*** Opening Information provided ***

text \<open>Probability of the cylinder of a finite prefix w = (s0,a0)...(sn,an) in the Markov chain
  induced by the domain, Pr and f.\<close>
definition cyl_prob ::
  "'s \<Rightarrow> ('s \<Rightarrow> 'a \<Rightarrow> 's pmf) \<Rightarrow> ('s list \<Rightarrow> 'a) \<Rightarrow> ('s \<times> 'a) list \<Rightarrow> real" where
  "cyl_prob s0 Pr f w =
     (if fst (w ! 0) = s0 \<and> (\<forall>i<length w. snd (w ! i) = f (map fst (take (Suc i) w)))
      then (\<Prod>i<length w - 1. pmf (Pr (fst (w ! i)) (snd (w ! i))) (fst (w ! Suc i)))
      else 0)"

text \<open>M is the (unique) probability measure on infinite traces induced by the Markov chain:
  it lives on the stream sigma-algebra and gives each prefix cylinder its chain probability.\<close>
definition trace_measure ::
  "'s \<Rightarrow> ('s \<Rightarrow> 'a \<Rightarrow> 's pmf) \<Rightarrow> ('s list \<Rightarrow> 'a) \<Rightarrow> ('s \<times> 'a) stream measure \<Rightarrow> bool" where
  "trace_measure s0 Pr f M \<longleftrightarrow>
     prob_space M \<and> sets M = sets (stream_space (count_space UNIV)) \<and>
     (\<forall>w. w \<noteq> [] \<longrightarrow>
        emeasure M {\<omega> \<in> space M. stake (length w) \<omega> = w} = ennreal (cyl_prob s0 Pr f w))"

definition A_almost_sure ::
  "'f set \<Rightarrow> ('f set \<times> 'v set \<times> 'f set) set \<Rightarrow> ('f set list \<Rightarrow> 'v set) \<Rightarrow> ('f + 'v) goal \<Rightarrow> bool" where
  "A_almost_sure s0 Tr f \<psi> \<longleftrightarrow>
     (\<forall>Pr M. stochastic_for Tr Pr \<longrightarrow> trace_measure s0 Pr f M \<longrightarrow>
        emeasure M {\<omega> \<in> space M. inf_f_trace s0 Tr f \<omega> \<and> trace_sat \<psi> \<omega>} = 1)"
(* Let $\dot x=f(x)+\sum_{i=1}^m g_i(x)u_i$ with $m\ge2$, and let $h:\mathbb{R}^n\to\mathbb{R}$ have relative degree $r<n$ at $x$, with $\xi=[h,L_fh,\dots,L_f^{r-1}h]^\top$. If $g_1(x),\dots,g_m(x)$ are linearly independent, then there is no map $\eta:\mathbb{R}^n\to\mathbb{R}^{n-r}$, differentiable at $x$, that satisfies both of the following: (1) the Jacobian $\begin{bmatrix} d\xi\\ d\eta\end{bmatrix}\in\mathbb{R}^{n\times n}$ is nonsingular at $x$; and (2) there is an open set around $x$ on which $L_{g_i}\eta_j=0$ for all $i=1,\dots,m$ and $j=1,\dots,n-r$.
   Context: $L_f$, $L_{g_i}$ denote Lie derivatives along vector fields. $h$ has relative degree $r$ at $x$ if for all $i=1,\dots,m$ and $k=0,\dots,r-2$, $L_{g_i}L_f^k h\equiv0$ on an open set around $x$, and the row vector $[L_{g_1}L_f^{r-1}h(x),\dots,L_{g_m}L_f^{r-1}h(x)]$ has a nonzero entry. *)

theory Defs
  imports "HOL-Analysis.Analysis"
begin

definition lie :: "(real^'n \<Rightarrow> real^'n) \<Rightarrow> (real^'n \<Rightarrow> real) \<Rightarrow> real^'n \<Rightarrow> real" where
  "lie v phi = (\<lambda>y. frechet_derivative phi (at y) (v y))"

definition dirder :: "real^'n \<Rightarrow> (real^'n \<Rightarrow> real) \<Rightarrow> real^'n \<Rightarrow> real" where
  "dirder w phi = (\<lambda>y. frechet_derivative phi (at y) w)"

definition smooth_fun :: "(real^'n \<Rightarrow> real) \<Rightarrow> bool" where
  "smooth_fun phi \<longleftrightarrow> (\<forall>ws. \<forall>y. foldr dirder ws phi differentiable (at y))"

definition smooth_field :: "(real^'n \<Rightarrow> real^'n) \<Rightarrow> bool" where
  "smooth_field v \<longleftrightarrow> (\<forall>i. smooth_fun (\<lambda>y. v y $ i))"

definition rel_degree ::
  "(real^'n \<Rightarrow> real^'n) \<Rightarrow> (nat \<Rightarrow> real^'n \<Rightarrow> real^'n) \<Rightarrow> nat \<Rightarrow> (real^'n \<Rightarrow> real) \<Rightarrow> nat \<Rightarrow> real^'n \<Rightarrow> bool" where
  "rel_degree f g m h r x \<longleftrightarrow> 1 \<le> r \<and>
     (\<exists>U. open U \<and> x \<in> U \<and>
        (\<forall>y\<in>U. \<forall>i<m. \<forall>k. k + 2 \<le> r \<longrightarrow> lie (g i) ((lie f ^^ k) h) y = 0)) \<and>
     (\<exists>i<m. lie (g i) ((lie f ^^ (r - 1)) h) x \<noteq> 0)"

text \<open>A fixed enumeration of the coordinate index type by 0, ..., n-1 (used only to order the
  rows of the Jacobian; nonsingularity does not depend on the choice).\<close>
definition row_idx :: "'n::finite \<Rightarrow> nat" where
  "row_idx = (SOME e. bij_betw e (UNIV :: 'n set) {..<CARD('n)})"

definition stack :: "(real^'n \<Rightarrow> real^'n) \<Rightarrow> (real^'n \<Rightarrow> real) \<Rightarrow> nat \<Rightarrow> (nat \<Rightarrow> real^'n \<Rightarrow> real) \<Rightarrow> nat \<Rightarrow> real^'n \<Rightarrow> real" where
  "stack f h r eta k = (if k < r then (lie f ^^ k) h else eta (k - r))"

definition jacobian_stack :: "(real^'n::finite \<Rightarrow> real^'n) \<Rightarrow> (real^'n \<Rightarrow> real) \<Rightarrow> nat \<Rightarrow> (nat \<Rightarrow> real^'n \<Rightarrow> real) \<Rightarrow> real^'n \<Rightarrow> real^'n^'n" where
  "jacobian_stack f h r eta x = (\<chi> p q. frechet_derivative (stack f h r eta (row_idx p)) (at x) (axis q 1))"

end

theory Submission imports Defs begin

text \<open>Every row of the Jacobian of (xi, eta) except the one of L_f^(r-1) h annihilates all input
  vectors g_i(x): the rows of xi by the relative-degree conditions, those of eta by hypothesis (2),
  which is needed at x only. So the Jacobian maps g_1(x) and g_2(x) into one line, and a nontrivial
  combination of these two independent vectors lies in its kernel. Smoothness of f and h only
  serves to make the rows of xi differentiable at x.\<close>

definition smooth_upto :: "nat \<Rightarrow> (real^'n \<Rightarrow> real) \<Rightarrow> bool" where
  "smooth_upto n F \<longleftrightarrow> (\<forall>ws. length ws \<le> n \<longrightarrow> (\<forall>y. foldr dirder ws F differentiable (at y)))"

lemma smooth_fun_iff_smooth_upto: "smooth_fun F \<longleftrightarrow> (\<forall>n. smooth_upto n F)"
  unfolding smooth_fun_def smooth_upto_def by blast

*** Closing Information provided ***
*** Opening Information provided ***

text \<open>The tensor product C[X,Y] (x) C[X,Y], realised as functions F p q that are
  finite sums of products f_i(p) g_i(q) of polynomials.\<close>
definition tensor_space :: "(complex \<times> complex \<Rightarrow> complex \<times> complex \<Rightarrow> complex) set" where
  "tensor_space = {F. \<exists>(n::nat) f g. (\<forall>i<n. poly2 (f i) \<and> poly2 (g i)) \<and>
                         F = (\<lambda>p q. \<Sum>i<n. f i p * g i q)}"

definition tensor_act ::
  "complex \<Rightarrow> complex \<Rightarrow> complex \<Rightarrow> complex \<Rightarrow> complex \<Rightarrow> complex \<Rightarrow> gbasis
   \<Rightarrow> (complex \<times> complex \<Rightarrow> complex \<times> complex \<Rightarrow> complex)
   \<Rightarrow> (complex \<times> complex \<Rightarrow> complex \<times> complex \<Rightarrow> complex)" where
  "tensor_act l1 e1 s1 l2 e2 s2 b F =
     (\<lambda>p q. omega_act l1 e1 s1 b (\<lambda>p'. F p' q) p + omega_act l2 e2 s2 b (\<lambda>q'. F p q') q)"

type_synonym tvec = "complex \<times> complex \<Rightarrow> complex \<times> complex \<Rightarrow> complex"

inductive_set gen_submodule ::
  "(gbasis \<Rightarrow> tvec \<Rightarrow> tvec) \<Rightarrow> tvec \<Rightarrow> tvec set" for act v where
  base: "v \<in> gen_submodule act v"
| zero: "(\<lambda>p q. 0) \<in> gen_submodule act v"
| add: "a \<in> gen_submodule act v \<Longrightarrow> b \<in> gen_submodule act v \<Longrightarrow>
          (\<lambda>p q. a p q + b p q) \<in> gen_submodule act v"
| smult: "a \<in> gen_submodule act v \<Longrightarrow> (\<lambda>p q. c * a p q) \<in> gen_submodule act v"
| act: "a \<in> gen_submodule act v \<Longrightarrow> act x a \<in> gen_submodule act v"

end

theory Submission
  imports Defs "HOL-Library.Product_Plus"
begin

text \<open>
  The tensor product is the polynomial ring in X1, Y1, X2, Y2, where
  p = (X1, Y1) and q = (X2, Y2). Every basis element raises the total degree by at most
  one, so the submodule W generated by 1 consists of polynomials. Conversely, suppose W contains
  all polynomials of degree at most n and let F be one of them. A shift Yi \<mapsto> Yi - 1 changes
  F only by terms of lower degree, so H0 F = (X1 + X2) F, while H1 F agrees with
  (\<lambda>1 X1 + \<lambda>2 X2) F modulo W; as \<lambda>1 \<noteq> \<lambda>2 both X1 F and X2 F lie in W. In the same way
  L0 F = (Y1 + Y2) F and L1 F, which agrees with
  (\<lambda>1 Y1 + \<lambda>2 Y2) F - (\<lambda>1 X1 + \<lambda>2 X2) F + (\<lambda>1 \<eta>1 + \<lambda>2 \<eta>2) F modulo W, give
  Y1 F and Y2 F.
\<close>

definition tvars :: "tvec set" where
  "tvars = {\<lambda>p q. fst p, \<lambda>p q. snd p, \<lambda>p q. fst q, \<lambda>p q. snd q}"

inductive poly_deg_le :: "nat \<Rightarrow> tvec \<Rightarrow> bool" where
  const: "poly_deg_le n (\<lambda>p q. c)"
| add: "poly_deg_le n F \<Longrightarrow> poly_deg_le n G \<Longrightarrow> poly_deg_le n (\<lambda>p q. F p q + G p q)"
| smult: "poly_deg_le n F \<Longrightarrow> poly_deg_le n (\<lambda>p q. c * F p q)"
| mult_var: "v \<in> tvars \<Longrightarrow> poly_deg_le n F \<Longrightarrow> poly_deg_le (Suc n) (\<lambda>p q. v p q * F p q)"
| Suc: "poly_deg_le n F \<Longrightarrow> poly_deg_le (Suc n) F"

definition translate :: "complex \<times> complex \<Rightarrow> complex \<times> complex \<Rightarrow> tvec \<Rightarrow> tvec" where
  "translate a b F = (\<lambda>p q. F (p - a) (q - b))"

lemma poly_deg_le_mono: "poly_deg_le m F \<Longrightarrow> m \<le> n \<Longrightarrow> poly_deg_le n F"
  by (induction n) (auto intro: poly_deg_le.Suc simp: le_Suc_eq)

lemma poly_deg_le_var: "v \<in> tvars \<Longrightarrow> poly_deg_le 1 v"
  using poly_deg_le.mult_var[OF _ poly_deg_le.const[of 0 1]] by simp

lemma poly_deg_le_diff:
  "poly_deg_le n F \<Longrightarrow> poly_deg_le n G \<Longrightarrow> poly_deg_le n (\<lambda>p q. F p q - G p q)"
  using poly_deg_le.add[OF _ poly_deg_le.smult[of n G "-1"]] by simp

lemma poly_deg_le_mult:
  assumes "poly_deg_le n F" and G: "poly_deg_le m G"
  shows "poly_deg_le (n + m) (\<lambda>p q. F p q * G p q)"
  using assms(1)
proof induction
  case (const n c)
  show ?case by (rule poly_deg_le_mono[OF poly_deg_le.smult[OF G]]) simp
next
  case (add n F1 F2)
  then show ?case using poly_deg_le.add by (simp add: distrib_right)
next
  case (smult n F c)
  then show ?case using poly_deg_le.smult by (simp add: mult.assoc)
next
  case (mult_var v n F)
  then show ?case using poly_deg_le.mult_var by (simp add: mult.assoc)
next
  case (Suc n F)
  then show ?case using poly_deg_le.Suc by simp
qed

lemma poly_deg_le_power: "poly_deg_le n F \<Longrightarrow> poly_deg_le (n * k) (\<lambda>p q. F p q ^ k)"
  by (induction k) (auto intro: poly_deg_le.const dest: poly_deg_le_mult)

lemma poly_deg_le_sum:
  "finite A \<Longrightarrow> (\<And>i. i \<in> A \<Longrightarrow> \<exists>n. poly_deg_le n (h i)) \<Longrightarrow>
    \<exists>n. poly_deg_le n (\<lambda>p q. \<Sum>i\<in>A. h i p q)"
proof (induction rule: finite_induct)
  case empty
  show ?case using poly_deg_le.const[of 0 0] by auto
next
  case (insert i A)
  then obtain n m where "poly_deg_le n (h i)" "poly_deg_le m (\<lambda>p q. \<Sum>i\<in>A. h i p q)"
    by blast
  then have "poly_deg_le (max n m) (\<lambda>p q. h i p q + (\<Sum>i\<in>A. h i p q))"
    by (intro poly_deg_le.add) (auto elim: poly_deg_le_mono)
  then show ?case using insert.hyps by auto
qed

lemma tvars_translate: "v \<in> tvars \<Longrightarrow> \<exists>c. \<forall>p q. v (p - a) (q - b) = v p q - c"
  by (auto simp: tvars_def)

*** Closing Information provided ***

Task objective:
Select from the material above each line in which the string "induction" appears, and list those lines.

Answer to the problem:
  by (induction n) (auto intro: poly_deg_le.Suc simp: le_Suc_eq)
proof induction
  by (induction k) (auto intro: poly_deg_le.const dest: poly_deg_le_mult)
proof (induction rule: finite_induct)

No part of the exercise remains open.